I'm not that interested in the main focus of the article, as I'm not sure we should even be trying to avoid in-fighting right now. And yes, I know there are various Scripture verses that could be quoted at me here, but there are also plenty of Scripture verses asserting the duty of orthodoxy, of which Galatians 1:8 is my favourite.
Some of the other passages are very interesting, though, including these passages on Traditionalism: "Traditionalists must stop fantasising that one day the whole Catholic world will return to the “timeless” Latin rituals of the pre-conciliar Church. It’s the Mass that’s timeless, not a particular cultural expression of it, however numinous. Demand for the 1962 Missal may grow, but it will always be limited because there is almost no one left who grew up with it."
"It's the Mass that's timeless, not a particular cultural expression of it, however numinous". That's how I feel. I'm all in favour of the Latin Mass, I just can't get as worked up about it as other people I know-- including some dear friends, and indeed readers of this blog! My attitude might change in the future, but right now it would seem an affectation to pose as a traddie. (Though maybe I should "fake it till I make it".) Listening to Traditionalists talk about liturgy is, to me, a bit like listening to audiophiles talking about sound systems, or listening to bibliophiles talk about binding and gilt edges.
He also says: "Secular culture wars have created a dichotomy that is meaningless to Catholics in Africa and Asia, who are often happy to celebrate Mass with exuberant, made-up rubrics but are at the same time as uncompromising as Cardinal Burke on issues of sexual morality." Take that for whatever it's worth. I'm no more keen on "exuberant, made-up rubrics" than your average Traditionalist.

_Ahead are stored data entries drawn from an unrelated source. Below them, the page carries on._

lemma grid_cell_subset_between:
  assumes "a \<le> x" "x \<le> y" "y \<le> b" "m > 0" and gap: "y - x > 2 * ((b - a) / m)"
  obtains j where "j < m" "grid_cell a b m j \<subseteq> {x<..<y}"
proof -
  define \<delta> where "\<delta> = (b - a) / m"
  have "\<delta> > 0"
    using assms unfolding \<delta>_def by (cases "a = b") (auto simp: field_simps)
  define t where "t = (x - a) / \<delta>"
  have t: "t \<ge> 0" "x = a + t * \<delta>"
    using assms \<open>\<delta> > 0\<close> unfolding t_def by auto
  define j where "j = nat \<lfloor>t\<rfloor> + 1"
  have j: "t < real j" "real j \<le> t + 1"
    unfolding j_def using t(1) by linarith+
  have lower: "x < a + real j * \<delta>"
    using j(1) t(2) \<open>\<delta> > 0\<close> by (simp add: mult_strict_right_mono)
  have "real (Suc j) * \<delta> \<le> (t + 2) * \<delta>"
    using j(2) \<open>\<delta> > 0\<close> by (intro mult_right_mono) auto
  also have "(t + 2) * \<delta> = (x - a) + 2 * \<delta>"
    using t(2) by (simp add: algebra_simps)
  finally have upper: "a + real (Suc j) * \<delta> < y"
    using gap unfolding \<delta>_def by linarith
  have "real (Suc j) * \<delta> < real m * \<delta>"
    using upper assms(3,4) unfolding \<delta>_def by simp
  then have "j < m"
    using \<open>\<delta> > 0\<close> by (simp add: mult_less_cancel_right)
  moreover have "grid_cell a b m j \<subseteq> {x<..<y}"
    using lower upper unfolding grid_cell_def \<delta>_def by auto
  ultimately show ?thesis by (rule that)
qed
(* Let $N, M, n$ be integers with $0 \le M \le N$ and $1 \le n \le N$. Draw $n$ individuals uniformly at random without replacement from a population of $N$ individuals, of which exactly $M$ are positive, and let $i$ be the number of positive individuals among the $n$ drawn. Let $0<\delta<1$ and $c>0$, and put $x = (N/c)^2 > 0$ and $y = -\frac{1}{2}\ln(\delta/2) > 0$. Then with probability at least $1-\delta$ we have $M \in \big[\tfrac{i}{n}N - c,\ \tfrac{i}{n}N + c\big]$, provided that (S1) $n \ge \frac{(N+1)xy}{N+xy}$, in the case $N \le \frac{c^2}{y} - 2$; or (S2) $n \ge \frac{(N-1)xy}{2(N+xy)} + \sqrt{\Big(\frac{(N-1)xy}{2(N+xy)}\Big)^2 + \frac{Nxy}{N+xy}}$, in the case $N > \frac{c^2}{y} - 2$. Moreover, $\frac{(N-1)xy}{2(N+xy)} + \sqrt{\Big(\frac{(N-1)xy}{2(N+xy)}\Big)^2 + \frac{Nxy}{N+xy}} \ge \frac{Nxy}{N+xy}$.
   Context: $i$ has the hypergeometric distribution: $\mathbb{P}[i=k] = \binom{M}{k}\binom{N-M}{n-k}/\binom{N}{n}$. $M$ is fixed (unknown) and the probability is over the random sample. *)

theory Defs
  imports Complex_Main
begin

definition hypergeom_pmf :: "nat \<Rightarrow> nat \<Rightarrow> nat \<Rightarrow> nat \<Rightarrow> real" where
  "hypergeom_pmf N M n k =
     real (M choose k) * real ((N - M) choose (n - k)) / real (N choose n)"

definition hypergeom_prob :: "nat \<Rightarrow> nat \<Rightarrow> nat \<Rightarrow> (nat \<Rightarrow> bool) \<Rightarrow> real" where
  "hypergeom_prob N M n P = (\<Sum>k\<in>{k\<in>{0..n}. P k}. hypergeom_pmf N M n k)"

However, I really liked this bit: "Finally, the Church needs to face up honestly to people’s fundamental objection to the Catholic faith. It has very little to do with sexual scandals or styles of worship. The problem is that doctrines such as transubstantiation and the Virgin Birth are hard to believe. These teachings are not negotiable – but, at the same time, they are less plausible to modern people than they were to our ancestors, whose imaginations were formed by societies that were naturally receptive to miracles and metaphysics."
Now, it's true that I came to faith after years of agnosticism verging on atheism. And it's also true that I'm a natural sceptic (even now). So I may be projecting my own frame of mind on others. Furthermore, I'm often surprised at the ease with which other people accept the supernatural and miraculous-- sometimes people who I'd expect to be outright rationalists.
Having said all that, I still think Thompson is onto something. So much of Catholic apologetics seems to defend details, venerable points of controversy with Protestants and other old sparring partners, rather than the basic credibility of the supernatural. I think we could pay a lot more attention to that.